───── Records shown

lemma simple_graph_induced_adj:
  assumes "finite H" "E \<subseteq> pairs A"
  shows "simple_graph H (induced_adj H E)"
proof -
  have "{v} \<notin> E" for v
    using assms(2) unfolding pairs_def by auto
  then show ?thesis
    using assms(1) unfolding simple_graph_def induced_adj_def by (auto simp: insert_commute)
qed

lemma cycle_edges_subset_if_cycle:
  assumes "\<forall>i<length vs. induced_adj H E (vs ! i) (vs ! ((i + 1) mod length vs))"
  shows "cycle_edges vs \<subseteq> E"
  using assms unfolding cycle_edges_def induced_adj_def by auto

lemma pairs_disjoint_if_independent_set:
  assumes "independent_set (induced_adj H E) I" "I \<subseteq> H"
  shows "pairs I \<inter> E = {}"
proof -
  have "{u, v} \<notin> E" if "u \<in> I" "v \<in> I" "u \<noteq> v" for u v
    using assms that unfolding independent_set_def induced_adj_def by blast
  then show ?thesis
    unfolding pairs_def by (auto simp: card_2_iff)
qed

lemma delete_short_cycles:
  assumes E: "E \<subseteq> pairs {..<n}"
    and few: "2 * card {vs \<in> short_cycles n g. cycle_edges vs \<subseteq> E} < n"
    and dense: "\<forall>T\<subseteq>{..<n}. card T = t \<longrightarrow> pairs T \<inter> E \<noteq> {}"
  defines "H \<equiv> {..<n} - hd ` {vs \<in> short_cycles n g. cycle_edges vs \<subseteq> E}"
  shows "simple_graph H (induced_adj H E)" "\<forall>k<g. \<not> has_cycle_of_length H (induced_adj H E) k"
    "n < 2 * card H" "\<And>I. I \<subseteq> H \<Longrightarrow> independent_set (induced_adj H E) I \<Longrightarrow> card I < t"
proof -
  let ?B = "{vs \<in> short_cycles n g. cycle_edges vs \<subseteq> E}"
  have "finite ?B"
    using finite_short_cycles by simp
  show "simple_graph H (induced_adj H E)"
    using E by (intro simple_graph_induced_adj) (auto simp: H_def)
  show "\<forall>k<g. \<not> has_cycle_of_length H (induced_adj H E) k"
  proof (intro allI impI notI)
    fix k assume "k < g" "has_cycle_of_length H (induced_adj H E) k"
    then obtain vs where vs: "3 \<le> length vs" "length vs < g" "distinct vs" "set vs \<subseteq> H"
      and adj: "\<forall>i<length vs. induced_adj H E (vs ! i) (vs ! ((i + 1) mod length vs))"
      unfolding has_cycle_of_length_def by auto
    then have "vs \<in> ?B"
      using cycle_edges_subset_if_cycle[OF adj] unfolding short_cycles_def H_def by auto
    moreover have "hd vs \<in> set vs"
      using vs(1) by (cases vs) auto
    ultimately show False
      using vs(4) unfolding H_def by blast
  qed
  have "n - card (hd ` ?B) \<le> card H"
    unfolding H_def using diff_card_le_card_Diff[of "hd ` ?B" "{..<n}"] \<open>finite ?B\<close> by simp
  moreover have "card (hd ` ?B) \<le> card ?B"
    using \<open>finite ?B\<close> by (rule card_image_le)
  ultimately show "n < 2 * card H"
    using few by linarith
  show "card I < t" if I: "I \<subseteq> H" "independent_set (induced_adj H E) I" for I
  proof (rule ccontr)
    assume "\<not> card I < t"
    then obtain T where T: "T \<subseteq> I" "card T = t"
      by (metis not_less obtain_subset_with_card_n)
    have "pairs T \<inter> E = {}"
      using pairs_disjoint_if_independent_set[OF I(2,1)] T(1) unfolding pairs_def by blast
    moreover have "T \<subseteq> {..<n}"
      using T I unfolding H_def by auto
    ultimately show False
      using dense T(2) by blast
  qed
qed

──────────

Print out the records exactly as they were entered.

### Answer for this exercise:
lemma simple_graph_induced_adj:
  assumes "finite H" "E \<subseteq> pairs A"
  shows "simple_graph H (induced_adj H E)"
proof -
  have "{v} \<notin> E" for v
    using assms(2) unfolding pairs_def by auto
  then show ?thesis
    using assms(1) unfolding simple_graph_def induced_adj_def by (auto simp: insert_commute)
qed

lemma cycle_edges_subset_if_cycle:
  assumes "\<forall>i<length vs. induced_adj H E (vs ! i) (vs ! ((i + 1) mod length vs))"
  shows "cycle_edges vs \<subseteq> E"
  using assms unfolding cycle_edges_def induced_adj_def by auto

lemma pairs_disjoint_if_independent_set:
  assumes "independent_set (induced_adj H E) I" "I \<subseteq> H"
  shows "pairs I \<inter> E = {}"
proof -
  have "{u, v} \<notin> E" if "u \<in> I" "v \<in> I" "u \<noteq> v" for u v
    using assms that unfolding independent_set_def induced_adj_def by blast
  then show ?thesis
    unfolding pairs_def by (auto simp: card_2_iff)
qed

lemma delete_short_cycles:
  assumes E: "E \<subseteq> pairs {..<n}"
    and few: "2 * card {vs \<in> short_cycles n g. cycle_edges vs \<subseteq> E} < n"
    and dense: "\<forall>T\<subseteq>{..<n}. card T = t \<longrightarrow> pairs T \<inter> E \<noteq> {}"
  defines "H \<equiv> {..<n} - hd ` {vs \<in> short_cycles n g. cycle_edges vs \<subseteq> E}"
  shows "simple_graph H (induced_adj H E)" "\<forall>k<g. \<not> has_cycle_of_length H (induced_adj H E) k"
    "n < 2 * card H" "\<And>I. I \<subseteq> H \<Longrightarrow> independent_set (induced_adj H E) I \<Longrightarrow> card I < t"
proof -
  let ?B = "{vs \<in> short_cycles n g. cycle_edges vs \<subseteq> E}"
  have "finite ?B"
    using finite_short_cycles by simp
  show "simple_graph H (induced_adj H E)"
    using E by (intro simple_graph_induced_adj) (auto simp: H_def)
  show "\<forall>k<g. \<not> has_cycle_of_length H (induced_adj H E) k"
  proof (intro allI impI notI)
    fix k assume "k < g" "has_cycle_of_length H (induced_adj H E) k"
    then obtain vs where vs: "3 \<le> length vs" "length vs < g" "distinct vs" "set vs \<subseteq> H"
      and adj: "\<forall>i<length vs. induced_adj H E (vs ! i) (vs ! ((i + 1) mod length vs))"
      unfolding has_cycle_of_length_def by auto
    then have "vs \<in> ?B"
      using cycle_edges_subset_if_cycle[OF adj] unfolding short_cycles_def H_def by auto
    moreover have "hd vs \<in> set vs"
      using vs(1) by (cases vs) auto
    ultimately show False
      using vs(4) unfolding H_def by blast
  qed
  have "n - card (hd ` ?B) \<le> card H"
    unfolding H_def using diff_card_le_card_Diff[of "hd ` ?B" "{..<n}"] \<open>finite ?B\<close> by simp
  moreover have "card (hd ` ?B) \<le> card ?B"
    using \<open>finite ?B\<close> by (rule card_image_le)
  ultimately show "n < 2 * card H"
    using few by linarith
  show "card I < t" if I: "I \<subseteq> H" "independent_set (induced_adj H E) I" for I
  proof (rule ccontr)
    assume "\<not> card I < t"
    then obtain T where T: "T \<subseteq> I" "card T = t"
      by (metis not_less obtain_subset_with_card_n)
    have "pairs T \<inter> E = {}"
      using pairs_disjoint_if_independent_set[OF I(2,1)] T(1) unfolding pairs_def by blast
    moreover have "T \<subseteq> {..<n}"
      using T I unfolding H_def by auto
    ultimately show False
      using dense T(2) by blast
  qed
qed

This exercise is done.